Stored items

________________________

(* Let $\mathcal G$, $A$, $\Phi$ be as in the standing setting, let $c:\mathcal G\to\mathbb R$ be a continuous groupoid homomorphism and $\beta\in\mathbb R$. If $\omega$ is a $\beta$-KMS state for $\alpha^c$ on $C^*(\mathcal G)$ such that $\omega\circ\Psi_\xi=\omega$ for all $\xi\in\hat A$, then $\omega=\omega\circ P$.
   Context: Standing setting: $\mathcal G$ is a locally compact, second countable, Hausdorff étale groupoid with compact unit space $\mathcal G^{(0)}$, range and source maps $r,s$, and isotropy groups $\mathcal G_x^x=\{g\in\mathcal G: r(g)=s(g)=x\}$; $A$ is a countable discrete abelian group and $\Phi:\mathcal G\to A$ is a continuous groupoid homomorphism with $\ker(\Phi)\cap\mathcal G_x^x=\{x\}$ for all $x\in\mathcal G^{(0)}$. $C^*(\mathcal G)$ is the full groupoid $C^*$-algebra (completion of $C_c(\mathcal G)$ with product $(f_1*f_2)(g)=\sum_{h\in r^{-1}(r(g))}f_1(h)f_2(h^{-1}g)$ and involution $f^*(g)=\overline{f(g^{-1})}$), and $P:C^*(\mathcal G)\to C(\mathcal G^{(0)})$ is the conditional expectation extending restriction of functions in $C_c(\mathcal G)$ to $\mathcal G^{(0)}$. $\hat A$ is the compact dual group of characters $A\to\mathbb T$ (pointwise topology); for $\xi\in\hat A$, $\Psi_\xi$ is the automorphism of $C^*(\mathcal G)$ with $\Psi_\xi(f)(g)=\xi(\Phi(g))f(g)$ for $f\in C_c(\mathcal G)$ (the gauge action). For a continuous homomorphism $c:\mathcal G\to\mathbb R$, $\alpha^c$ is the one-parameter automorphism group of $C^*(\mathcal G)$ with $\alpha^c_t(f)(g)=e^{itc(g)}f(g)$. For $\beta\in\mathbb R$, a $\beta$-KMS state for $\alpha^c$ is a state $\omega$ on $C^*(\mathcal G)$ with $\omega(fh)=\omega(h\,\alpha^c_{i\beta}(f))$ for all $f,h\in C_c(\mathcal G)$, where $\alpha^c_{i\beta}(f)(g)=e^{-\beta c(g)}f(g)$. *)

theory Defs
  imports "HOL-Analysis.Analysis"
begin

text \<open>A topological groupoid whose set of arrows is the whole type 'g
(with its topology). Data: unit space G0, range r, source s,
multiplication m (meaningful on composable pairs s g = r h), inverse i.\<close>

definition groupoid ::
  "'g set \<Rightarrow> ('g \<Rightarrow> 'g) \<Rightarrow> ('g \<Rightarrow> 'g) \<Rightarrow> ('g \<Rightarrow> 'g \<Rightarrow> 'g) \<Rightarrow> ('g \<Rightarrow> 'g) \<Rightarrow> bool"
  where "groupoid G0 r s m i \<longleftrightarrow>
     (\<forall>g. r g \<in> G0 \<and> s g \<in> G0) \<and>
     (\<forall>u\<in>G0. r u = u \<and> s u = u) \<and>
     (\<forall>g h. s g = r h \<longrightarrow> r (m g h) = r g \<and> s (m g h) = s h) \<and>
     (\<forall>g h k. s g = r h \<and> s h = r k \<longrightarrow> m (m g h) k = m g (m h k)) \<and>
     (\<forall>g. m (r g) g = g \<and> m g (s g) = g) \<and>
     (\<forall>g. s (i g) = r g \<and> r (i g) = s g \<and> m g (i g) = r g \<and> m (i g) g = s g)"

definition etale_groupoid ::
  "'g::{t2_space,second_countable_topology} set \<Rightarrow> ('g \<Rightarrow> 'g) \<Rightarrow> ('g \<Rightarrow> 'g)
     \<Rightarrow> ('g \<Rightarrow> 'g \<Rightarrow> 'g) \<Rightarrow> ('g \<Rightarrow> 'g) \<Rightarrow> bool"
  where "etale_groupoid G0 r s m i \<longleftrightarrow>
     groupoid G0 r s m i \<and>
     locally_compact_space (euclidean :: 'g topology) \<and>
     continuous_on UNIV r \<and> continuous_on UNIV s \<and> continuous_on UNIV i \<and>
     continuous_on {(g, h). s g = r h} (\<lambda>(g, h). m g h) \<and>
     compact G0 \<and>
     (\<forall>g. \<exists>U. open U \<and> g \<in> U \<and> open (r ` U) \<and> inj_on r U \<and>
                continuous_on (r ` U) (inv_into U r))"

text \<open>Continuous groupoid homomorphism into a (discrete) group: continuity
into a discrete space means all fibres are open.\<close>

definition discrete_cocycle :: "('g \<Rightarrow> 'g) \<Rightarrow> ('g \<Rightarrow> 'g) \<Rightarrow> ('g \<Rightarrow> 'g \<Rightarrow> 'g) \<Rightarrow> ('g::topological_space \<Rightarrow> 'a::ab_group_add) \<Rightarrow> bool"
  where "discrete_cocycle r s m \<Phi> \<longleftrightarrow>
     (\<forall>a. open (\<Phi> -` {a})) \<and> (\<forall>g h. s g = r h \<longrightarrow> \<Phi> (m g h) = \<Phi> g + \<Phi> h)"

definition real_cocycle :: "('g \<Rightarrow> 'g) \<Rightarrow> ('g \<Rightarrow> 'g) \<Rightarrow> ('g \<Rightarrow> 'g \<Rightarrow> 'g) \<Rightarrow> ('g::topological_space \<Rightarrow> real) \<Rightarrow> bool"
  where "real_cocycle r s m c \<longleftrightarrow>
     continuous_on UNIV c \<and> (\<forall>g h. s g = r h \<longrightarrow> c (m g h) = c g + c h)"

definition character :: "('a::ab_group_add \<Rightarrow> complex) \<Rightarrow> bool"
  where "character \<xi> \<longleftrightarrow> (\<forall>a b. \<xi> (a + b) = \<xi> a * \<xi> b) \<and> (\<forall>a. norm (\<xi> a) = 1)"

________________________

**Exercise instructions:** All of the data above must be repeated exactly.

**Solved exercise:**
(* Let $\mathcal G$, $A$, $\Phi$ be as in the standing setting, let $c:\mathcal G\to\mathbb R$ be a continuous groupoid homomorphism and $\beta\in\mathbb R$. If $\omega$ is a $\beta$-KMS state for $\alpha^c$ on $C^*(\mathcal G)$ such that $\omega\circ\Psi_\xi=\omega$ for all $\xi\in\hat A$, then $\omega=\omega\circ P$.
   Context: Standing setting: $\mathcal G$ is a locally compact, second countable, Hausdorff étale groupoid with compact unit space $\mathcal G^{(0)}$, range and source maps $r,s$, and isotropy groups $\mathcal G_x^x=\{g\in\mathcal G: r(g)=s(g)=x\}$; $A$ is a countable discrete abelian group and $\Phi:\mathcal G\to A$ is a continuous groupoid homomorphism with $\ker(\Phi)\cap\mathcal G_x^x=\{x\}$ for all $x\in\mathcal G^{(0)}$. $C^*(\mathcal G)$ is the full groupoid $C^*$-algebra (completion of $C_c(\mathcal G)$ with product $(f_1*f_2)(g)=\sum_{h\in r^{-1}(r(g))}f_1(h)f_2(h^{-1}g)$ and involution $f^*(g)=\overline{f(g^{-1})}$), and $P:C^*(\mathcal G)\to C(\mathcal G^{(0)})$ is the conditional expectation extending restriction of functions in $C_c(\mathcal G)$ to $\mathcal G^{(0)}$. $\hat A$ is the compact dual group of characters $A\to\mathbb T$ (pointwise topology); for $\xi\in\hat A$, $\Psi_\xi$ is the automorphism of $C^*(\mathcal G)$ with $\Psi_\xi(f)(g)=\xi(\Phi(g))f(g)$ for $f\in C_c(\mathcal G)$ (the gauge action). For a continuous homomorphism $c:\mathcal G\to\mathbb R$, $\alpha^c$ is the one-parameter automorphism group of $C^*(\mathcal G)$ with $\alpha^c_t(f)(g)=e^{itc(g)}f(g)$. For $\beta\in\mathbb R$, a $\beta$-KMS state for $\alpha^c$ is a state $\omega$ on $C^*(\mathcal G)$ with $\omega(fh)=\omega(h\,\alpha^c_{i\beta}(f))$ for all $f,h\in C_c(\mathcal G)$, where $\alpha^c_{i\beta}(f)(g)=e^{-\beta c(g)}f(g)$. *)

theory Defs
  imports "HOL-Analysis.Analysis"
begin

text \<open>A topological groupoid whose set of arrows is the whole type 'g
(with its topology). Data: unit space G0, range r, source s,
multiplication m (meaningful on composable pairs s g = r h), inverse i.\<close>

definition groupoid ::
  "'g set \<Rightarrow> ('g \<Rightarrow> 'g) \<Rightarrow> ('g \<Rightarrow> 'g) \<Rightarrow> ('g \<Rightarrow> 'g \<Rightarrow> 'g) \<Rightarrow> ('g \<Rightarrow> 'g) \<Rightarrow> bool"
  where "groupoid G0 r s m i \<longleftrightarrow>
     (\<forall>g. r g \<in> G0 \<and> s g \<in> G0) \<and>
     (\<forall>u\<in>G0. r u = u \<and> s u = u) \<and>
     (\<forall>g h. s g = r h \<longrightarrow> r (m g h) = r g \<and> s (m g h) = s h) \<and>
     (\<forall>g h k. s g = r h \<and> s h = r k \<longrightarrow> m (m g h) k = m g (m h k)) \<and>
     (\<forall>g. m (r g) g = g \<and> m g (s g) = g) \<and>
     (\<forall>g. s (i g) = r g \<and> r (i g) = s g \<and> m g (i g) = r g \<and> m (i g) g = s g)"

definition etale_groupoid ::
  "'g::{t2_space,second_countable_topology} set \<Rightarrow> ('g \<Rightarrow> 'g) \<Rightarrow> ('g \<Rightarrow> 'g)
     \<Rightarrow> ('g \<Rightarrow> 'g \<Rightarrow> 'g) \<Rightarrow> ('g \<Rightarrow> 'g) \<Rightarrow> bool"
  where "etale_groupoid G0 r s m i \<longleftrightarrow>
     groupoid G0 r s m i \<and>
     locally_compact_space (euclidean :: 'g topology) \<and>
     continuous_on UNIV r \<and> continuous_on UNIV s \<and> continuous_on UNIV i \<and>
     continuous_on {(g, h). s g = r h} (\<lambda>(g, h). m g h) \<and>
     compact G0 \<and>
     (\<forall>g. \<exists>U. open U \<and> g \<in> U \<and> open (r ` U) \<and> inj_on r U \<and>
                continuous_on (r ` U) (inv_into U r))"

text \<open>Continuous groupoid homomorphism into a (discrete) group: continuity
into a discrete space means all fibres are open.\<close>

definition discrete_cocycle :: "('g \<Rightarrow> 'g) \<Rightarrow> ('g \<Rightarrow> 'g) \<Rightarrow> ('g \<Rightarrow> 'g \<Rightarrow> 'g) \<Rightarrow> ('g::topological_space \<Rightarrow> 'a::ab_group_add) \<Rightarrow> bool"
  where "discrete_cocycle r s m \<Phi> \<longleftrightarrow>
     (\<forall>a. open (\<Phi> -` {a})) \<and> (\<forall>g h. s g = r h \<longrightarrow> \<Phi> (m g h) = \<Phi> g + \<Phi> h)"

definition real_cocycle :: "('g \<Rightarrow> 'g) \<Rightarrow> ('g \<Rightarrow> 'g) \<Rightarrow> ('g \<Rightarrow> 'g \<Rightarrow> 'g) \<Rightarrow> ('g::topological_space \<Rightarrow> real) \<Rightarrow> bool"
  where "real_cocycle r s m c \<longleftrightarrow>
     continuous_on UNIV c \<and> (\<forall>g h. s g = r h \<longrightarrow> c (m g h) = c g + c h)"

definition character :: "('a::ab_group_add \<Rightarrow> complex) \<Rightarrow> bool"
  where "character \<xi> \<longleftrightarrow> (\<forall>a b. \<xi> (a + b) = \<xi> a * \<xi> b) \<and> (\<forall>a. norm (\<xi> a) = 1)"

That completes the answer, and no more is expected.